= INSTRUCTIONS TO FOLLOW =
Give again, word for word, every line below from the one that has "set \<Rightarrow> 'k poly \<Rightarrow> 'g" through the one that has "l = init_seg (div_hull v)", both included, and no others.

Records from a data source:
........
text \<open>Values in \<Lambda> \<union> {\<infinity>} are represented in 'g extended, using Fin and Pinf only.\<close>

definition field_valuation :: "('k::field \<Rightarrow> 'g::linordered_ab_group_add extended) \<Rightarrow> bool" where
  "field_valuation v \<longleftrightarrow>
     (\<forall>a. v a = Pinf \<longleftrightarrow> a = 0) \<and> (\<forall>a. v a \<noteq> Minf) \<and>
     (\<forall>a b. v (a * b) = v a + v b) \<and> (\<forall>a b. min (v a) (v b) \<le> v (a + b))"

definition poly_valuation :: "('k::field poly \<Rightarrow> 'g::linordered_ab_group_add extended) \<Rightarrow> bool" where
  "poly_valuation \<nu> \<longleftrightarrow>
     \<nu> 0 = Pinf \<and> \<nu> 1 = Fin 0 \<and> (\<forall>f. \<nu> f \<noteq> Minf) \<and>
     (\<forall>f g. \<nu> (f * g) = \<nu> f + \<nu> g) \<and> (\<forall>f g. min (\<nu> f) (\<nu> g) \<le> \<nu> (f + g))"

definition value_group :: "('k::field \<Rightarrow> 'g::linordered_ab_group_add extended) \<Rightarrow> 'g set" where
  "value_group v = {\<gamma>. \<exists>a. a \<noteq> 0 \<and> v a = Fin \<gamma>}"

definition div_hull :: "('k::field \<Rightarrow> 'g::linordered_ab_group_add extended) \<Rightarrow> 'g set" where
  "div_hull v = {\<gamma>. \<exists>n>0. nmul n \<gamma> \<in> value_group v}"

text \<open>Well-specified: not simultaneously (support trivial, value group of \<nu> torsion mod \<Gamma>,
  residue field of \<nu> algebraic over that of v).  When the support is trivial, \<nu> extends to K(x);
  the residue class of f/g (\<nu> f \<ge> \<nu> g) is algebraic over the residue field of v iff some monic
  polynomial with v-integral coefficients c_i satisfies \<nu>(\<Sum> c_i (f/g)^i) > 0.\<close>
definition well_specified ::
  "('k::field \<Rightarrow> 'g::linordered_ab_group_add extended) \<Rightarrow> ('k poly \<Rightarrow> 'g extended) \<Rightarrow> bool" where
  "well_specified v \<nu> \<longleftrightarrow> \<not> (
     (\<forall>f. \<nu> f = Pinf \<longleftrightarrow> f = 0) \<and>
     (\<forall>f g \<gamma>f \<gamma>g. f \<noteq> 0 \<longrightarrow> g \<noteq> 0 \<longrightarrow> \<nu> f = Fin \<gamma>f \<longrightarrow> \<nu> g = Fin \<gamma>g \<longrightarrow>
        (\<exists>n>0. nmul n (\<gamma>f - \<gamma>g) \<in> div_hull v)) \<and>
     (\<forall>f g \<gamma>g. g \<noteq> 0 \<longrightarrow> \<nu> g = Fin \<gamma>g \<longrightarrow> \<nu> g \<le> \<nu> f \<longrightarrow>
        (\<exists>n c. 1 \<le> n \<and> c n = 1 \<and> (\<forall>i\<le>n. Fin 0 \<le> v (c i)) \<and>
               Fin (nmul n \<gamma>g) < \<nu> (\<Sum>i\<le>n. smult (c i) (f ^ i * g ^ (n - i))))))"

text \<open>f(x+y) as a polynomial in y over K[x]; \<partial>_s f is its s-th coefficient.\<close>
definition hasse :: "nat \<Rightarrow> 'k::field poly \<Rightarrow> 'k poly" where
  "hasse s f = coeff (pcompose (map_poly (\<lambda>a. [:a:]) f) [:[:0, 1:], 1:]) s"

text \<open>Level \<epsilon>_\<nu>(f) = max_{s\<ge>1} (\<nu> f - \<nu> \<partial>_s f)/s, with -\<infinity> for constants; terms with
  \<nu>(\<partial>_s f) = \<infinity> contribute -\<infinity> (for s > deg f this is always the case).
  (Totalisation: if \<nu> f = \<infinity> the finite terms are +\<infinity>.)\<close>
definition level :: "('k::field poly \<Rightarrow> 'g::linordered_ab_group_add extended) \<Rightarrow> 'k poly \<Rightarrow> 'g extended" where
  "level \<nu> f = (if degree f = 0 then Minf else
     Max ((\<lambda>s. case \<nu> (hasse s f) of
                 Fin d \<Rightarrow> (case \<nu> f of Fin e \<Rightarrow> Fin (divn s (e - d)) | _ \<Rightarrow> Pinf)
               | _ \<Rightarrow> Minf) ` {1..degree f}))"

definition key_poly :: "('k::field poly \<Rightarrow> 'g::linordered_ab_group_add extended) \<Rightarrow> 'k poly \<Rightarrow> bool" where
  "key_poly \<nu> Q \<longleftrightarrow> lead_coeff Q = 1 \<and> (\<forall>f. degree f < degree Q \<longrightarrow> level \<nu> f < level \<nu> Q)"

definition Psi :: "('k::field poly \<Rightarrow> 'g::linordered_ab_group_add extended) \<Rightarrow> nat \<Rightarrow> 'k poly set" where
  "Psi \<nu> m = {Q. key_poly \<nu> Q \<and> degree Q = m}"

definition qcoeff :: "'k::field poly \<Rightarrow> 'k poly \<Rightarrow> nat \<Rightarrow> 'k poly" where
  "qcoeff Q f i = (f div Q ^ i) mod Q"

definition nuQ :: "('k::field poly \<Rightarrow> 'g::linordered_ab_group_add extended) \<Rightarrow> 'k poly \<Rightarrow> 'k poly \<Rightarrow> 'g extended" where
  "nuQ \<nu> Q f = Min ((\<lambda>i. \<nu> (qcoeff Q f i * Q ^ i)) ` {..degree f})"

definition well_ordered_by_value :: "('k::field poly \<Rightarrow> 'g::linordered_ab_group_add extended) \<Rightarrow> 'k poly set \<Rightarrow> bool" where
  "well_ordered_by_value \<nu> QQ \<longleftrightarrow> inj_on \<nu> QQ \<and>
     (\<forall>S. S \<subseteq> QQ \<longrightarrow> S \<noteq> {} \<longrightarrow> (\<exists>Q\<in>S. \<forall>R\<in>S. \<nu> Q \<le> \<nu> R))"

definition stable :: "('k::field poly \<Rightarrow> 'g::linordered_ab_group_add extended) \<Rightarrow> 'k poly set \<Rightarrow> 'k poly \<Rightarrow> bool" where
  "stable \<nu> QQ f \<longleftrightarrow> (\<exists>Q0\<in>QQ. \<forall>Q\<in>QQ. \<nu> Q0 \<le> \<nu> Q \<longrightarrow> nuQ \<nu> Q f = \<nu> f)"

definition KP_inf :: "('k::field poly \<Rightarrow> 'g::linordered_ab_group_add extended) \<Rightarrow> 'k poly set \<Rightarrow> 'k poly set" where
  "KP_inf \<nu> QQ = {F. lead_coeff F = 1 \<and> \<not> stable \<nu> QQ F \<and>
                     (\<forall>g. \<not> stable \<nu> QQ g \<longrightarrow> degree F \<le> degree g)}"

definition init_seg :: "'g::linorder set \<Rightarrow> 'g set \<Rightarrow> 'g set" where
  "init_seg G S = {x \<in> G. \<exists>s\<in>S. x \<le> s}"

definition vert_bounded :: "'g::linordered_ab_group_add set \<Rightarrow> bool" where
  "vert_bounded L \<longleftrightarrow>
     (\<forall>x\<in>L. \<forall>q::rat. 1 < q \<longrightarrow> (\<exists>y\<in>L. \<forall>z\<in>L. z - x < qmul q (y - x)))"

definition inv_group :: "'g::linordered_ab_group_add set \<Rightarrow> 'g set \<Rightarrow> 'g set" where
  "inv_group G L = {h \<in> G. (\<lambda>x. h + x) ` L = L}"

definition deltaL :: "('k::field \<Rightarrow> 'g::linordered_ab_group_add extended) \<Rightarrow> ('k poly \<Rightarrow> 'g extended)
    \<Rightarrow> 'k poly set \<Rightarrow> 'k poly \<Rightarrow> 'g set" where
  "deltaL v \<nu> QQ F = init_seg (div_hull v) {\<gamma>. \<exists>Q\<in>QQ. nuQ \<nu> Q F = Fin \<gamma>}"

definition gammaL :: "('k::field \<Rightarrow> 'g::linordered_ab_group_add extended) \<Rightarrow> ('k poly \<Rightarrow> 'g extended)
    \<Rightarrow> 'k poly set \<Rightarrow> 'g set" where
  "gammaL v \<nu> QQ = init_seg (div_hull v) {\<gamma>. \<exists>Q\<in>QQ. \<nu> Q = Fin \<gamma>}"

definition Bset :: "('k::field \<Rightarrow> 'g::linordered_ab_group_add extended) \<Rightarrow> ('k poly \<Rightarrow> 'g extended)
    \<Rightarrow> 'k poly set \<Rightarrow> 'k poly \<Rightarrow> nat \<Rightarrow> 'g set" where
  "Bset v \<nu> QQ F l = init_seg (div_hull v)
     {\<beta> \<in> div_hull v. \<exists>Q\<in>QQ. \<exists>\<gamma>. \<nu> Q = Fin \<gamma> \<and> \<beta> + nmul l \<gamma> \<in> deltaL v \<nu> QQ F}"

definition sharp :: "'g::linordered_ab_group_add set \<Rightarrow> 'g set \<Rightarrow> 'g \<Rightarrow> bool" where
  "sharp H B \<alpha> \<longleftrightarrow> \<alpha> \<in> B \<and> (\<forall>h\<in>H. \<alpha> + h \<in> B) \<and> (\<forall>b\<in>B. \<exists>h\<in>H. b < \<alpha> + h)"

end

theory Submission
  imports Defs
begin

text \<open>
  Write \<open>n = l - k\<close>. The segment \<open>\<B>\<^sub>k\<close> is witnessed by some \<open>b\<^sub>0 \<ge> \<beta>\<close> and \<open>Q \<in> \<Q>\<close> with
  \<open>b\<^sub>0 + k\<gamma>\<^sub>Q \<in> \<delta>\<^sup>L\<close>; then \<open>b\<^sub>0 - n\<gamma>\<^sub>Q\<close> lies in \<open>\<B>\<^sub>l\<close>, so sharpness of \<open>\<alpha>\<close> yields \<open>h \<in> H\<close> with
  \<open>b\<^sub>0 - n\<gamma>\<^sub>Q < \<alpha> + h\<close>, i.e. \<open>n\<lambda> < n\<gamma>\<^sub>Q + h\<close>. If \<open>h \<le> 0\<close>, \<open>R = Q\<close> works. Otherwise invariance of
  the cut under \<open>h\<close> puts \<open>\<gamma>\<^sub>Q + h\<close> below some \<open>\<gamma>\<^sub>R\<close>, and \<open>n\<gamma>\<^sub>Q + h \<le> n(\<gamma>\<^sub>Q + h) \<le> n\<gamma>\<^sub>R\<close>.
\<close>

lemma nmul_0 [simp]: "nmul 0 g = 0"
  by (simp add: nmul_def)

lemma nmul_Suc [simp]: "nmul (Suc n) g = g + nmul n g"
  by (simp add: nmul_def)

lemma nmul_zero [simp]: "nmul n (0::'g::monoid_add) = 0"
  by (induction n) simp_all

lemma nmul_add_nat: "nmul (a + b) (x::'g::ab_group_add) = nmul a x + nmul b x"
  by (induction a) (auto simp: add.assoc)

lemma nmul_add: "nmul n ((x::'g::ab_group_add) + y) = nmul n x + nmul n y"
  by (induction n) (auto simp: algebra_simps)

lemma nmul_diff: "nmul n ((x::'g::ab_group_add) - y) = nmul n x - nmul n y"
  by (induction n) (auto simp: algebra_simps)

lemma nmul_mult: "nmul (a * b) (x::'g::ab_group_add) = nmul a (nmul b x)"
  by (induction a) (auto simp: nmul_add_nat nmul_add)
........
= WRITTEN RESPONSE =
    \<Rightarrow> 'k poly set \<Rightarrow> 'k poly \<Rightarrow> 'g set" where
  "deltaL v \<nu> QQ F = init_seg (div_hull v) {\<gamma>. \<exists>Q\<in>QQ. nuQ \<nu> Q F = Fin \<gamma>}"

definition gammaL :: "('k::field \<Rightarrow> 'g::linordered_ab_group_add extended) \<Rightarrow> ('k poly \<Rightarrow> 'g extended)
    \<Rightarrow> 'k poly set \<Rightarrow> 'g set" where
  "gammaL v \<nu> QQ = init_seg (div_hull v) {\<gamma>. \<exists>Q\<in>QQ. \<nu> Q = Fin \<gamma>}"

definition Bset :: "('k::field \<Rightarrow> 'g::linordered_ab_group_add extended) \<Rightarrow> ('k poly \<Rightarrow> 'g extended)
    \<Rightarrow> 'k poly set \<Rightarrow> 'k poly \<Rightarrow> nat \<Rightarrow> 'g set" where
  "Bset v \<nu> QQ F l = init_seg (div_hull v)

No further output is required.